Election bill ill-conceived

SOME members of the Ohio General Assembly are so eager to punish political enemies that the legislature is about to make a serious step backward in state election procedure.

A bill greased for quick action before the Senate and House includes an identification requirement that will make it harder for some voters to cast ballots in coming elections.

The ostensible reason for the action is voter fraud, even though lawmakers cannot cite any actual cases of voters attempting to vote illegally in Ohio. That's because fraud has never been a problem.

The fast-track legislation would require voters to show a photo identification card, such as a driver's license, or some other document - perhaps a utility bill, bank statement, or paycheck - with their name and current address.

Under current law, all a voter has to do is sign the poll book. If the signature matches the one on file with the board of elections, the person may vote. Generations of Ohioans have voted on their signatures, and there is no legitimate reason to change the law now.

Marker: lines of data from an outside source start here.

(* Let $r,n\ge 1$ and work in the group algebra $\mathbb{Z}[\mathsf{G}_{r,n}]$. Put $$\Phi_1:=1+\sum_{t=1}^{r-1}(1^{[t]}\,1),\qquad \Phi_j:=1+\sum_{i=1}^{j-1}(i\,j)+\sum_{t=1}^{r-1}\sum_{i=1}^{j}(i^{[t]}\,j)\quad(2\le j\le n),$$ where $(i\,j)=(i^{[0]}\,j)$. Then $$\Phi_1\Phi_2\cdots\Phi_n=\sum_{\pi\in\mathsf{G}_{r,n}}\pi .$$
   Context: $\mathsf{G}_{r,n}=C_r\wr\mathfrak{S}_n$ is the set of pairs $\pi=(\sigma,\mathbf z)$ with $\sigma\in\mathfrak S_n$ and $\mathbf z=(z_1,\dots,z_n)\in(\mathbb Z/r\mathbb Z)^n$, written as the word (window notation) $\pi=\sigma_1^{[z_1]}\sigma_2^{[z_2]}\cdots\sigma_n^{[z_n]}$; $\sigma_i$ is the base value and $z_i\in\{0,\dots,r-1\}$ the color of the $i$-th letter, colors being read modulo $r$. The product is $(\sigma,\mathbf z)(\rho,\mathbf w)=(\sigma\rho,\mathbf w+\rho(\mathbf z))$ with $\rho(\mathbf z)=(z_{\rho(1)},\dots,z_{\rho(n)})$; the identity is $12\cdots n$ with all colors $0$. For $1\le i<j\le n$ and $t\in\mathbb Z/r\mathbb Z$, $(i^{[t]}\,j)$ denotes the element such that, for every $\pi=\sigma_1^{[z_1]}\cdots\sigma_n^{[z_n]}$, the product $\pi\cdot(i^{[t]}\,j)$ is obtained from $\pi$ by replacing the letter in position $j$ by $\sigma_i^{[z_i+t]}$ and the letter in position $i$ by $\sigma_j^{[z_j-t]}$. For $1\le i\le n$ and $0<t<r$, $(i^{[t]}\,i)$ denotes the element such that $\pi\cdot(i^{[t]}\,i)$ is obtained from $\pi$ by replacing the letter in position $i$ by $\sigma_i^{[z_i+t]}$. *)

theory Defs
  imports "HOL-Combinatorics.Combinatorics"
begin

text \<open>Elements of the wreath product C_r wr S_n: pairs (sigma, z) with sigma a permutation
  of {1..n} (identity outside) and z a colour vector with z i in {0..r-1} for i in {1..n},
  z i = 0 outside {1..n}.\<close>

type_synonym cperm = "(nat \<Rightarrow> nat) \<times> (nat \<Rightarrow> nat)"

definition Grn :: "nat \<Rightarrow> nat \<Rightarrow> cperm set" where
  "Grn r n = {(\<sigma>, z). \<sigma> permutes {1..n} \<and> (\<forall>i. z i < r) \<and> (\<forall>i. i \<notin> {1..n} \<longrightarrow> z i = 0)}"

definition gmult :: "nat \<Rightarrow> cperm \<Rightarrow> cperm \<Rightarrow> cperm" where
  "gmult r x y = (fst x \<circ> fst y, (\<lambda>k. (snd y k + snd x (fst y k)) mod r))"

definition gone :: cperm where
  "gone = (id, (\<lambda>_. 0))"

text \<open>The element (i^[t] j): for i < j the transposition of positions i, j with colour t at
  position j and colour -t at position i; for i = j the identity with colour t at i.\<close>
definition crefl :: "nat \<Rightarrow> nat \<Rightarrow> nat \<Rightarrow> nat \<Rightarrow> cperm" where
  "crefl r i t j =
     (if i = j then (id, (\<lambda>k. if k = i then t mod r else 0))
      else (transpose i j,
            (\<lambda>k. if k = j then t mod r else if k = i then (r - t mod r) mod r else 0)))"

type_synonym galg = "cperm \<Rightarrow> int"

definition delta :: "cperm \<Rightarrow> galg" where
  "delta g = (\<lambda>h. if h = g then 1 else 0)"

definition ga_mult :: "nat \<Rightarrow> nat \<Rightarrow> galg \<Rightarrow> galg \<Rightarrow> galg" where
  "ga_mult r n a b = (\<lambda>g. \<Sum>x\<in>Grn r n. \<Sum>y\<in>Grn r n. if gmult r x y = g then a x * b y else 0)"

definition Phi :: "nat \<Rightarrow> nat \<Rightarrow> galg" where
  "Phi r j =
    (if j = 1 then (\<lambda>g. delta gone g + (\<Sum>t\<in>{1..r-1}. delta (crefl r 1 t 1) g))
     else (\<lambda>g. delta gone g + (\<Sum>i\<in>{1..j-1}. delta (crefl r i 0 j) g)
              + (\<Sum>t\<in>{1..r-1}. \<Sum>i\<in>{1..j}. delta (crefl r i t j) g)))"

fun prodPhi :: "nat \<Rightarrow> nat \<Rightarrow> nat \<Rightarrow> galg" where
  "prodPhi r n 0 = delta gone"
| "prodPhi r n (Suc k) = ga_mult r n (prodPhi r n k) (Phi r (Suc k))"

end

theory Submission
  imports Defs
begin

text \<open>Every element g of G(r,k+1) factors uniquely as x (i^[t] k+1) with x in G(r,k),
  1 \<le> i \<le> k+1 and 0 \<le> t < r: i is the position that g sends to k+1, t is read off the
  colour of g at i, and then x is forced. Since Phi(k+1) is exactly the sum of these r(k+1)
  generators, induction on k shows that Phi(1) ... Phi(k) is the indicator function of G(r,k),
  each element arising exactly once.\<close>

lemma Grn_iff:
  "(s, z) \<in> Grn r n \<longleftrightarrow> s permutes {1..n} \<and> (\<forall>i. z i < r) \<and> (\<forall>i. i \<notin> {1..n} \<longrightarrow> z i = 0)"
  by (simp add: Grn_def)

lemma finite_Grn: "finite (Grn r n)"
proof -
  let ?Z = "{f. \<forall>x. (x \<in> {1..n} \<longrightarrow> f x \<in> {..<r}) \<and> (x \<notin> {1..n} \<longrightarrow> f x = 0)}"
  have "Grn r n \<subseteq> {p. p permutes {1..n}} \<times> ?Z"
    by (auto simp: Grn_def)
  moreover have "finite ({p. p permutes {1..n}} \<times> ?Z)"
    by (intro finite_cartesian_product finite_permutations finite_set_of_finite_funs) auto
  ultimately show ?thesis by (rule finite_subset)
qed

The obvious problem with an identification requirement is that it excludes elderly and poor voters who do not have photo IDs and may not have any of those other documents, even though they are properly registered. Even homeless people may not be denied the right to vote.

Identification requirements are little more than the modern-day equivalent of poll taxes and literacy tests, which once were employed in some states to keep poor, black citizens from voting.

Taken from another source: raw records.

lemma ln_det_perspective_concave:
  fixes Q1 Q2 :: "complex^'n^'n"
  assumes P: "0 < P1" "0 < P2" and Q: "cpos_def Q1" "cpos_def Q2" and t: "0 < t" "t < 1"
  defines "P \<equiv> (1 - t) * P1 + t * P2" and "Q \<equiv> (1 - t) *\<^sub>R Q1 + t *\<^sub>R Q2"
  shows "(1 - t) * P1 * ln (Re (det ((1 / P1) *\<^sub>R Q1))) + t * P2 * ln (Re (det ((1 / P2) *\<^sub>R Q2)))
      \<le> P * ln (Re (det ((1 / P) *\<^sub>R Q)))"
    and "(1 / P1) *\<^sub>R Q1 \<noteq> (1 / P2) *\<^sub>R Q2 \<Longrightarrow>
      (1 - t) * P1 * ln (Re (det ((1 / P1) *\<^sub>R Q1))) + t * P2 * ln (Re (det ((1 / P2) *\<^sub>R Q2)))
      < P * ln (Re (det ((1 / P) *\<^sub>R Q)))"
proof -
  have P_pos: "0 < P"
    unfolding P_def using P t by (intro convex_comb_pos) auto
  define s where "s = t * P2 / P"
  have "0 < (1 - t) * P1" "0 < t * P2"
    using P t by simp_all
  then have s: "0 < s" "s < 1"
    unfolding s_def using P_pos by (simp_all add: field_simps P_def)
  have weights: "P * (1 - s) = (1 - t) * P1" "P * s = t * P2"
    unfolding s_def using P_pos by (simp_all add: field_simps P_def)
  define A where "A = (1 / P1) *\<^sub>R Q1"
  define B where "B = (1 / P2) *\<^sub>R Q2"
  have A: "cpos_def A" and B: "cpos_def B"
    unfolding A_def B_def using P Q by (simp_all add: cpos_def_scaleR)
  have "(1 - s) / P1 = (1 - t) / P" "s / P2 = t / P"
    using weights P P_pos by (simp_all add: field_simps)
  then have comb: "(1 / P) *\<^sub>R Q = (1 - s) *\<^sub>R A + s *\<^sub>R B"
    unfolding A_def B_def Q_def by (simp add: scaleR_add_right)
  have rescale: "(1 - t) * P1 * x + t * P2 * y = P * ((1 - s) * x + s * y)" for x y
    unfolding weights[symmetric] by (simp add: algebra_simps)
  show "(1 - t) * P1 * ln (Re (det ((1 / P1) *\<^sub>R Q1))) + t * P2 * ln (Re (det ((1 / P2) *\<^sub>R Q2)))
      \<le> P * ln (Re (det ((1 / P) *\<^sub>R Q)))"
    unfolding rescale comb A_def[symmetric] B_def[symmetric]
    using ln_det_concave[OF A B s] P_pos by (simp add: mult_left_mono)
  assume "(1 / P1) *\<^sub>R Q1 \<noteq> (1 / P2) *\<^sub>R Q2"
  then show "(1 - t) * P1 * ln (Re (det ((1 / P1) *\<^sub>R Q1))) + t * P2 * ln (Re (det ((1 / P2) *\<^sub>R Q2)))
      < P * ln (Re (det ((1 / P) *\<^sub>R Q)))"
    unfolding rescale comb A_def[symmetric] B_def[symmetric]
    using ln_det_strict_concave[OF A B _ s] P_pos by simp
qed

lemma inverse_strict_convex:
  fixes a b t :: real
  assumes "0 < a" "0 < b" "a \<noteq> b" "0 < t" "t < 1"
  shows "1 / ((1 - t) * a + t * b) < (1 - t) / a + t / b"
proof -
  define P where "P = (1 - t) * a + t * b"
  have P: "0 < P"
    unfolding P_def using assms by (intro convex_comb_pos) auto
  have "(1 - t) / a + t / b - 1 / P = t * (1 - t) * (a - b)\<^sup>2 / (a * b * P)"
    using assms P unfolding P_def by (simp add: field_simps power2_eq_square)
  moreover have "0 < t * (1 - t) * (a - b)\<^sup>2 / (a * b * P)"
    using assms P by simp
  ultimately show ?thesis
    unfolding P_def by linarith
qed

definition J_tilde_density :: "real \<Rightarrow> real \<Rightarrow> complex^'n^'n \<Rightarrow> real" where
  "J_tilde_density lam P Q =
    P * (real CARD('n) * ln P - ln (Re (det Q))) - real CARD('n) * P + lam / P"

lemma J_tilde_density_perspective:
  fixes Q :: "complex^'n^'n"
  assumes "cpos_def Q" and "0 < P"
  shows "J_tilde_density lam P Q =
    - (P * ln (Re (det ((1 / P) *\<^sub>R Q)))) - real CARD('n) * P + lam / P"
  using assms by (simp add: J_tilde_density_def ln_det_scaleR ln_div algebra_simps)

lemma J_tilde_density_strict_convex:
  fixes Q1 Q2 :: "complex^'n^'n"
  assumes P: "0 < P1" "0 < P2" and Q: "cpos_def Q1" "cpos_def Q2" and lam: "0 < lam"
    and t: "0 < t" "t < 1" and "P1 \<noteq> P2 \<or> Q1 \<noteq> Q2"
  shows "J_tilde_density lam ((1 - t) * P1 + t * P2) ((1 - t) *\<^sub>R Q1 + t *\<^sub>R Q2)
    < (1 - t) * J_tilde_density lam P1 Q1 + t * J_tilde_density lam P2 Q2"
proof -
  define P where "P = (1 - t) * P1 + t * P2"
  define Q where "Q = (1 - t) *\<^sub>R Q1 + t *\<^sub>R Q2"
  define X where "X = ln (Re (det ((1 / P) *\<^sub>R Q)))"
  define X1 where "X1 = ln (Re (det ((1 / P1) *\<^sub>R Q1)))"
  define X2 where "X2 = ln (Re (det ((1 / P2) *\<^sub>R Q2)))"
  define L where "L = P * X - ((1 - t) * P1 * X1 + t * P2 * X2)"
  define I where "I = (1 - t) * (lam / P1) + t * (lam / P2) - lam / P"
  have "cpos_def Q"
    unfolding Q_def using Q t by (intro cpos_def_convex_comb) auto
  moreover have "0 < P"
    unfolding P_def using P t by (intro convex_comb_pos) auto
  ultimately have dP: "J_tilde_density lam P Q = - (P * X) - real CARD('n) * P + lam / P"
    unfolding X_def by (rule J_tilde_density_perspective)
  have d1: "J_tilde_density lam P1 Q1 = - (P1 * X1) - real CARD('n) * P1 + lam / P1"
    unfolding X1_def using Q(1) P(1) by (rule J_tilde_density_perspective)
  have d2: "J_tilde_density lam P2 Q2 = - (P2 * X2) - real CARD('n) * P2 + lam / P2"
    unfolding X2_def using Q(2) P(2) by (rule J_tilde_density_perspective)
  have gap: "(1 - t) * J_tilde_density lam P1 Q1 + t * J_tilde_density lam P2 Q2
      - J_tilde_density lam P Q = L + I"
    unfolding dP d1 d2 L_def I_def by (simp add: P_def algebra_simps)
  have L: "0 \<le> L"
    using ln_det_perspective_concave(1)[OF P Q t]
    unfolding L_def X_def X1_def X2_def P_def Q_def by simp
  have I_pos: "0 < I" if "P1 \<noteq> P2"
  proof -
    have "lam * (1 / P) < lam * ((1 - t) / P1 + t / P2)"
      unfolding P_def by (rule mult_strict_left_mono[OF inverse_strict_convex[OF P that t] lam])
    then show ?thesis
      unfolding I_def by (simp add: algebra_simps)
  qed
  have I_0: "I = 0" if "P1 = P2"
    unfolding I_def P_def that by (simp add: algebra_simps add_divide_distrib[symmetric])
  have "0 < L" if "P1 = P2"
  proof -
    have "(1 / P1) *\<^sub>R Q1 \<noteq> (1 / P2) *\<^sub>R Q2"
      using \<open>P1 \<noteq> P2 \<or> Q1 \<noteq> Q2\<close> P that by auto
    then show ?thesis
      using ln_det_perspective_concave(2)[OF P Q t]
      unfolding L_def X_def X1_def X2_def P_def Q_def by simp
  qed
  then show ?thesis
    using gap L I_pos I_0 unfolding P_def Q_def by fastforce
qed

section \<open>Trigonometric polynomials\<close>

definition fourier_mode :: "int \<Rightarrow> real \<Rightarrow> complex" where
  "fourier_mode l \<theta> = exp (\<i> * of_int l * of_real \<theta>)"

definition trig_poly :: "nat \<Rightarrow> complex \<Rightarrow> (nat \<Rightarrow> complex) \<Rightarrow> (nat \<Rightarrow> complex) \<Rightarrow> real \<Rightarrow> complex"
  where "trig_poly n a0 a b \<theta> =
    a0 + (\<Sum>k=1..n. a k * fourier_mode (- int k) \<theta> + b k * fourier_mode (int k) \<theta>)"

lemma fourier_mode_mult: "fourier_mode l \<theta> * fourier_mode l' \<theta> = fourier_mode (l + l') \<theta>"
  unfolding fourier_mode_def mult_exp_exp by (simp add: algebra_simps)

lemma fourier_mode_2pi: "fourier_mode l (2 * pi) = 1"
proof -
  have "fourier_mode l (2 * pi) = exp (\<i> * (of_int l * (of_real pi * 2)))"
    unfolding fourier_mode_def by (simp add: ac_simps)
  then show ?thesis
    by (simp only: exp_2pi_1_int)
qed

lemma continuous_on_fourier_mode: "continuous_on S (fourier_mode l)"
  unfolding fourier_mode_def by (intro continuous_intros)

lemma fourier_mode_0 [simp]: "fourier_mode 0 \<theta> = 1"
  by (simp add: fourier_mode_def)

lemma has_integral_fourier_mode:
  "(fourier_mode l has_integral (if l = 0 then 2 * pi else 0)) {0..2 * pi}"
proof -
  have "fourier_mode l integrable_on {0..2 * pi}"
    by (rule integrable_continuous_interval[OF continuous_on_fourier_mode])
  moreover have "integral {0..2 * pi} (fourier_mode l) = (if l = 0 then 2 * pi else 0)"
  proof (cases "l = 0")
    case True
    then show ?thesis
      by (simp add: fourier_mode_0[abs_def] scaleR_conv_of_real)
  next
    case False
    then have "integral {0..2 * pi} (fourier_mode l)
        = (exp ((\<i> * of_int l) * of_real (2 * pi)) - 1) / (\<i> * of_int l)"
      unfolding fourier_mode_def[abs_def] by (intro integral_exp) auto
    also have "exp ((\<i> * of_int l) * of_real (2 * pi)) = 1"
      using fourier_mode_2pi[of l] by (simp add: fourier_mode_def)
    finally show ?thesis
      using False by simp
  qed
  ultimately show ?thesis
    by (metis integrable_integral)
qed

In justifying the ID requirement, the only example of election fraud cited by the bill's sponsor, Sen. Kevin Coughlin, a Republican from Cuyahoga Falls, was the submission last year of faulty registrations bearing the names of cartoon characters and celebrities. Those registrations were easily weeded out by county election boards and did not result in any improper votes.

One reason for the rush job on the legislation was an attempt by Republican opponents of Secretary of State Ken Blackwell, a GOP gubernatorial candidate, to thwart passage of his tax limitation amendment in 2006. The bill contains a provision that would prohibit the secretary of state from being an official of an issue or candidate campaign, other than his own.

In any event, the election bill is being pushed through too quickly and has numerous other flaws, including new limits on advertising of ballot issues and a provision that would make it easier for township, county, and municipal elected officials to put the arm on their employees for campaign contributions.

As Peg Rosenfield, the veteran election specialist for the Ohio League of Women Voters, put it, "There's so much wrong with this bill that you don't know where to start. We want them not to rush this like they did campaign finance [legislation] but to sit down and go through this section by section and try to get it right."

That's sage advice. Lawmakers should follow it.